I’ve been doing workshops called „Post-Catastrophe Collaborative Workshops“ for women only. I try to create a space to experiment. This is like the coven, go back to the circle of stories. My biggest advice to women is don’t be afraid to be ugly. My music is very ugly. How I speak about things is very brutal, I am not trying to romanticize things, glamorize, or pop-pornify. Be real, be comfortable, and also satisfy yourself. Because if you do not know what you want, you will not get it. We are compartmentalized people. We are whole within the compartmental. We are fragmented people, we have many parts. We have many sides and many desires. We shouldn’t expect one person, Mr. F****ing Right to solve this. We need as many lovers as possible. We need to embrace our friends. We need to experience live-art. We need to make music or hear music. We need to embrace a creative life-style, which we can do with the simplest things. You don’t have to be an artist to have an artistic life-style. You have to live art creatively. You have to not let the enemy win to take pleasure in the smallest things because if you never find pleasure in the smallest things you will never be satisfied. Take it from a glutton. In order to satisfy my gluttony, I had to reduce it to the basic, how the light falls on a shadow… If you don’t find appreciation in this, you appreciate nothing. You become like an American, always wanting more.

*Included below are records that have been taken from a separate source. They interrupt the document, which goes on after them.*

(* Fix integers $2\le r\le k$, a constant $\lambda_{k-r+1}\in\mathbb R$ and a constant $\tau>0$, and let $u(n)$ satisfy $u(n)\to\infty$, $u(n)/n\to0$. Let $t=t(n)$ be integers with $0\le t\le\tau u(n)$, and define $\lambda^{(s)}_j$ as below. Then for every $j\in\{k-r+1,\dots,k\}$, $$\exp\{\lambda^{(t)}_j\}=1+\binom{j}{k-r+1}\frac{t^{\,j-k+r-1}}{n^{\,j-k+r-1}}\bigl(e^{\lambda_{k-r+1}}-1\bigr)+O\Bigl(\frac{u(n)^{j-k+r-2}}{n^{j-k+r-1}}\max\Bigl\{1,\frac{u(n)^2}{n}\Bigr\}\Bigr),$$ where the implied constant depends only on $k,r,\lambda_{k-r+1},\tau$.
   Context: Let $N(s):=n-u(n)-s$. Set $\lambda^{(s)}_{k-r+1}:=\lambda_{k-r+1}$ for all $s=0,1,\dots,t$. For $j=k-r+2,\dots,k$ set $\lambda^{(0)}_j:=0$ and, for $s=1,\dots,t$, $$\lambda^{(s)}_j:=\lambda^{(s-1)}_j+\log\Bigl(1-\frac{j}{N(t-s+1)}+\frac{j}{N(t-s+1)}\exp\{\lambda^{(s-1)}_{j-1}\}\Bigr).$$ *)

theory Defs
  imports Complex_Main
begin

text \<open>lam m lam0 Nb t s j  is  lambda^{(s)}_j, where m = k-r+1, lam0 = lambda_{k-r+1},
  Nb = n - u(n) (so that N(s) = Nb - s), and t = t(n).
  For s = Suc s', the quantity N(t-s+1) equals Nb - (t - s').\<close>
fun lam :: "nat \<Rightarrow> real \<Rightarrow> real \<Rightarrow> nat \<Rightarrow> nat \<Rightarrow> nat \<Rightarrow> real" where
  "lam m lam0 Nb t 0 j = (if j = m then lam0 else 0)"
| "lam m lam0 Nb t (Suc s) j =
     (if j = m then lam0
      else (let N = Nb - real (t - s) in
            lam m lam0 Nb t s j
            + ln (1 - real j / N + real j / N * exp (lam m lam0 Nb t s (j - 1)))))"

end

theory Submission
  imports Defs
begin

(* Write Y_j = exp lambda_j - 1. The recursion becomes
   Y_j^(s+1) = Y_j^(s) + (1 + Y_j^(s)) j Y_(j-1)^(s) / N  with  N = n - O(u(n)),
   and Y_m (m = k-r+1) is the constant e^lambda_m - 1. Induct on d = j - m: if
   Y_(j-1)^(s) is x (j-1 choose m) (s/n)^(d-1) up to the error of level d-1, then summing
   the recursion over the t <= tau u(n) steps gives a Riemann sum for x (j choose m) (t/n)^d,
   since j (j-1 choose m) = d (j choose m). The four errors of one step (inherited error,
   N versus n, the quadratic term Y_j Y_(j-1), and the second-order remainder of
   (s+1)^d - s^d) each sum over the t steps to a multiple of the claimed error term,
   provided u(n)/n is small enough. *)

(* For d < 2 both sides vanish: the truncated exponents d - 1 and d - 2 are harmless. *)
lemma power_Suc_sub_linear_bounds:
  fixes a :: real
  assumes "0 \<le> a"
  shows "0 \<le> (a + 1) ^ d - a ^ d - d * a ^ (d - 1)"
    and "(a + 1) ^ d - a ^ d - d * a ^ (d - 1) \<le> (d choose 2) * (a + 1) ^ (d - 2)"
proof -
  define h where "h d = (a + 1) ^ d - a ^ d - d * a ^ (d - 1)" for d
  have h_Suc: "h (Suc d) = (a + 1) * h d + d * a ^ (d - 1)" if "d \<ge> 1" for d
  proof -
    have "a * a ^ (d - 1) = a ^ d" using that by (cases d) simp_all
    then show ?thesis unfolding h_def by (simp add: algebra_simps)
  qed
  have "0 \<le> h d \<and> h d \<le> (d choose 2) * (a + 1) ^ (d - 2)"
  proof (induction d)
    case 0
    then show ?case by (simp add: h_def)
  next
    case (Suc d)
    show ?case
    proof (cases "d = 0")
      case True
      then show ?thesis by (simp add: h_def)
    next
      case False
      have choose: "real (Suc d choose 2) = (d choose 2) + d"
        by (simp add: numeral_2_eq_2)
      have "(a + 1) * ((d choose 2) * (a + 1) ^ (d - 2)) = (d choose 2) * (a + 1) ^ (d - 1)"
      proof (cases "d = 1")
        case False
        with \<open>d \<noteq> 0\<close> have "d - 1 = Suc (d - 2)" by arith
        then show ?thesis by simp
      qed simp
      moreover have "(a + 1) * h d \<le> (a + 1) * ((d choose 2) * (a + 1) ^ (d - 2))"
        using Suc.IH assms by (intro mult_left_mono) auto
      moreover have "d * a ^ (d - 1) \<le> d * (a + 1) ^ (d - 1)"
        using assms by (intro mult_left_mono power_mono) auto
      ultimately have "h (Suc d) \<le> (d choose 2) * (a + 1) ^ (d - 1) + d * (a + 1) ^ (d - 1)"
        using False h_Suc[of d] by linarith
      then have "h (Suc d) \<le> (Suc d choose 2) * (a + 1) ^ (Suc d - 2)"
        unfolding choose by (simp add: distrib_right)
      moreover have "0 \<le> h (Suc d)"
        using False h_Suc[of d] Suc.IH assms by simp
      ultimately show ?thesis by simp
    qed
  qed
  then show "0 \<le> (a + 1) ^ d - a ^ d - d * a ^ (d - 1)"
    and "(a + 1) ^ d - a ^ d - d * a ^ (d - 1) \<le> (d choose 2) * (a + 1) ^ (d - 2)"
    by (simp_all add: h_def)
qed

Did you take revenge on your father?
Well he is dead. When I first came out as a spoken word artist it was against what I call the Unholy Trilogy: Father, father of my country and God, the Fucker. These have always been my targets. My father was not a bad person, a trickster, archetype figure. He was very charismatic, very funny, a con-artist. He never had a steady job, he worked changing jobs all the time. My father gave me a lot of beneficial attributes, because of him, I create.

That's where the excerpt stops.